*** Data under study

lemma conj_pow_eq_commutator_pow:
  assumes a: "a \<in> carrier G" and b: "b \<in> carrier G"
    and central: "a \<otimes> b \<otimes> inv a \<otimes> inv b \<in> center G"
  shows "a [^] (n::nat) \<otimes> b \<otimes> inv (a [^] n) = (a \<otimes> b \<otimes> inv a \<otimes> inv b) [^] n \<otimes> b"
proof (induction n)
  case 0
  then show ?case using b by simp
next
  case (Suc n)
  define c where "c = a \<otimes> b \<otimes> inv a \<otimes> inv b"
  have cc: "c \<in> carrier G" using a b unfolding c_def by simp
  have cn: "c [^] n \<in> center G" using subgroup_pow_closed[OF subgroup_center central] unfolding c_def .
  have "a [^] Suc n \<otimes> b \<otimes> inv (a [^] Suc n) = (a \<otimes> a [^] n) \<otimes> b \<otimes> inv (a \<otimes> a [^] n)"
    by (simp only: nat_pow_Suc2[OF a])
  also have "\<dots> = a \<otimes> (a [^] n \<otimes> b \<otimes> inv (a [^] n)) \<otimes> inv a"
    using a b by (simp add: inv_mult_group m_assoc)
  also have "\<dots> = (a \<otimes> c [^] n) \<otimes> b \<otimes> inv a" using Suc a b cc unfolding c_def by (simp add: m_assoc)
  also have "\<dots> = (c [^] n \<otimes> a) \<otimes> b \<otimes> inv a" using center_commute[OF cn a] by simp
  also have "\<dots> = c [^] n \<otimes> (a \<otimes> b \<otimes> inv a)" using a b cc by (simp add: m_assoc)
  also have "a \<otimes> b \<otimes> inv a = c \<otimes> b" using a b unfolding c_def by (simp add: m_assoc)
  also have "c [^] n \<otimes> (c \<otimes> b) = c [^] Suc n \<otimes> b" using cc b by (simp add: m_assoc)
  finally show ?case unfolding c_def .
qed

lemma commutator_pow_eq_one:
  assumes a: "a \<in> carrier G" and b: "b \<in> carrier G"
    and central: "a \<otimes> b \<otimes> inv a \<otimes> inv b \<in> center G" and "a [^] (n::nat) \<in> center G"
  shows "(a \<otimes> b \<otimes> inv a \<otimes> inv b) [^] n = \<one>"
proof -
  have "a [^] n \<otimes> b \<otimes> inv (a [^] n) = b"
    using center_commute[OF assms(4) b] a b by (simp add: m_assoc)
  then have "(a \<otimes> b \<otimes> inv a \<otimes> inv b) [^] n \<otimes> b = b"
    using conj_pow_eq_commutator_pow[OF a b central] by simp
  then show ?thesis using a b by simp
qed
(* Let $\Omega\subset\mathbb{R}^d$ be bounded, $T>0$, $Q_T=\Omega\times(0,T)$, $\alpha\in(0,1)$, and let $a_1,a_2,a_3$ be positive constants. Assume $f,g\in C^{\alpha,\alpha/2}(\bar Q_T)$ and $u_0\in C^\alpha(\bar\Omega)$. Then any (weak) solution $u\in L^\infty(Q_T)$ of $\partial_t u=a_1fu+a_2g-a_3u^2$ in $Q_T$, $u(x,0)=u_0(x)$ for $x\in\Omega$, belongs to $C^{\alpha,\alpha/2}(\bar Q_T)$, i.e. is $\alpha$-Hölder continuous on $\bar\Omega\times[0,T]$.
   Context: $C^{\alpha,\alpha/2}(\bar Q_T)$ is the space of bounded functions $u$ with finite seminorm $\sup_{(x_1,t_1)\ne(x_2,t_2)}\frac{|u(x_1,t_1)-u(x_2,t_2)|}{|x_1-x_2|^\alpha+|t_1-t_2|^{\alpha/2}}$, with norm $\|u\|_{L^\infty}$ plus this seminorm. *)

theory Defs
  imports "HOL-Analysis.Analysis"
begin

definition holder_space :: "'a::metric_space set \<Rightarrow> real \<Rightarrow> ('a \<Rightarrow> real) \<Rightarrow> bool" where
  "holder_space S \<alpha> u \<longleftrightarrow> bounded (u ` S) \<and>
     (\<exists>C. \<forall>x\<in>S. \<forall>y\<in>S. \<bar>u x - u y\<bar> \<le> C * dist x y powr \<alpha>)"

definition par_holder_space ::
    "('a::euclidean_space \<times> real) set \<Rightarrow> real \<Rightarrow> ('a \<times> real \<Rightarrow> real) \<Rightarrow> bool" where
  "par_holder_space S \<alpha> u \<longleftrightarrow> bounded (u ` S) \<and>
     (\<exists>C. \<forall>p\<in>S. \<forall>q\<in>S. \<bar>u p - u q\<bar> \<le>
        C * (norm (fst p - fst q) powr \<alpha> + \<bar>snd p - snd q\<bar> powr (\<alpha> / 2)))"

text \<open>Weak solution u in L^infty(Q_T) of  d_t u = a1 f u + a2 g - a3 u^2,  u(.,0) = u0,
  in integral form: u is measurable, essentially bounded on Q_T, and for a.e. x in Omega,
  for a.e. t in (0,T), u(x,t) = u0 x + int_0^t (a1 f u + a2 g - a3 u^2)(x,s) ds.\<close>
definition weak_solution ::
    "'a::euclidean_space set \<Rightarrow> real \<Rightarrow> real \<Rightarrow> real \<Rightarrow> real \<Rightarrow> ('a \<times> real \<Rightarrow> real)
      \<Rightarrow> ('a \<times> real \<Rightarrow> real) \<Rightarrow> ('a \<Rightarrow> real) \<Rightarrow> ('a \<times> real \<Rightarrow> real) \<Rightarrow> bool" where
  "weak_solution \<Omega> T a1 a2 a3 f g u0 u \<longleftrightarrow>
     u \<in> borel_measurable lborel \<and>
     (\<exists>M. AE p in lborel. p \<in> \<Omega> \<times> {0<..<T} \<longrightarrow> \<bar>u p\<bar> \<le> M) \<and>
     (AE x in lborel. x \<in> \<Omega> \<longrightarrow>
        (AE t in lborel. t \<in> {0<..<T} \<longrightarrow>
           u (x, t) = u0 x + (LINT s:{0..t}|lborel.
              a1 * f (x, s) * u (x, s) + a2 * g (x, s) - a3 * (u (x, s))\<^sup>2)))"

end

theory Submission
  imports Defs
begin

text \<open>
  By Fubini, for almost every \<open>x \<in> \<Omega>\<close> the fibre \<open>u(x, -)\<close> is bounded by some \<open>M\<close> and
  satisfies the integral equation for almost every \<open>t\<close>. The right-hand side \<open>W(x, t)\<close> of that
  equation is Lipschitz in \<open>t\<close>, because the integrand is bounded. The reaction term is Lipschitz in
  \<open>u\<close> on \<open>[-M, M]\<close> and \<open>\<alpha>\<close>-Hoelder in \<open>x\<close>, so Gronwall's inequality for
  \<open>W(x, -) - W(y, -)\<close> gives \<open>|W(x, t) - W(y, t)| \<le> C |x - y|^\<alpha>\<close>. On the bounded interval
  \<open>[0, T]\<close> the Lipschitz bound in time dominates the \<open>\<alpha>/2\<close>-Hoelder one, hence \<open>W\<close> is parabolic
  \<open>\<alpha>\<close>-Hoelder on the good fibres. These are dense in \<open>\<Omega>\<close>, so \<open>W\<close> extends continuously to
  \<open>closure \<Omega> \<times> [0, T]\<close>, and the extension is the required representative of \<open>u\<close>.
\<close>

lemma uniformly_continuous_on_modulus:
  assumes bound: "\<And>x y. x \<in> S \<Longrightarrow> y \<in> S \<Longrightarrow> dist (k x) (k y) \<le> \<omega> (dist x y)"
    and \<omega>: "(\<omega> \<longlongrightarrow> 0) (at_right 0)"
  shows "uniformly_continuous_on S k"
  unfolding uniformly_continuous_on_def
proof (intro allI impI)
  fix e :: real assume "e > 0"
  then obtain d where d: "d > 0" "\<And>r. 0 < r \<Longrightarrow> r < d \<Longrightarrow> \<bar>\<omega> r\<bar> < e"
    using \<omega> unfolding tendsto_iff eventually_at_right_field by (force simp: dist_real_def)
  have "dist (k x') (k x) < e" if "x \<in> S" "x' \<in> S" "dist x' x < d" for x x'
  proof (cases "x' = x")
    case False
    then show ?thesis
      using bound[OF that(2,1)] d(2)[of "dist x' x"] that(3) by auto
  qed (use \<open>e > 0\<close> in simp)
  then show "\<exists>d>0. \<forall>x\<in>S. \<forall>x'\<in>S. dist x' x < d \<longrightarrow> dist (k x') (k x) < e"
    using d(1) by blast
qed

******

• **Directions for this task**: Will you return exactly the lines above from the one with "hence \<open>W\<close> is parabolic" down to the one with "extends continuously to", counting both as part of the range?

• **Answer below**:
  \<open>[0, T]\<close> the Lipschitz bound in time dominates the \<open>\<alpha>/2\<close>-Hoelder one, hence \<open>W\<close> is parabolic
  \<open>\<alpha>\<close>-Hoelder on the good fibres. These are dense in \<open>\<Omega>\<close>, so \<open>W\<close> extends continuously to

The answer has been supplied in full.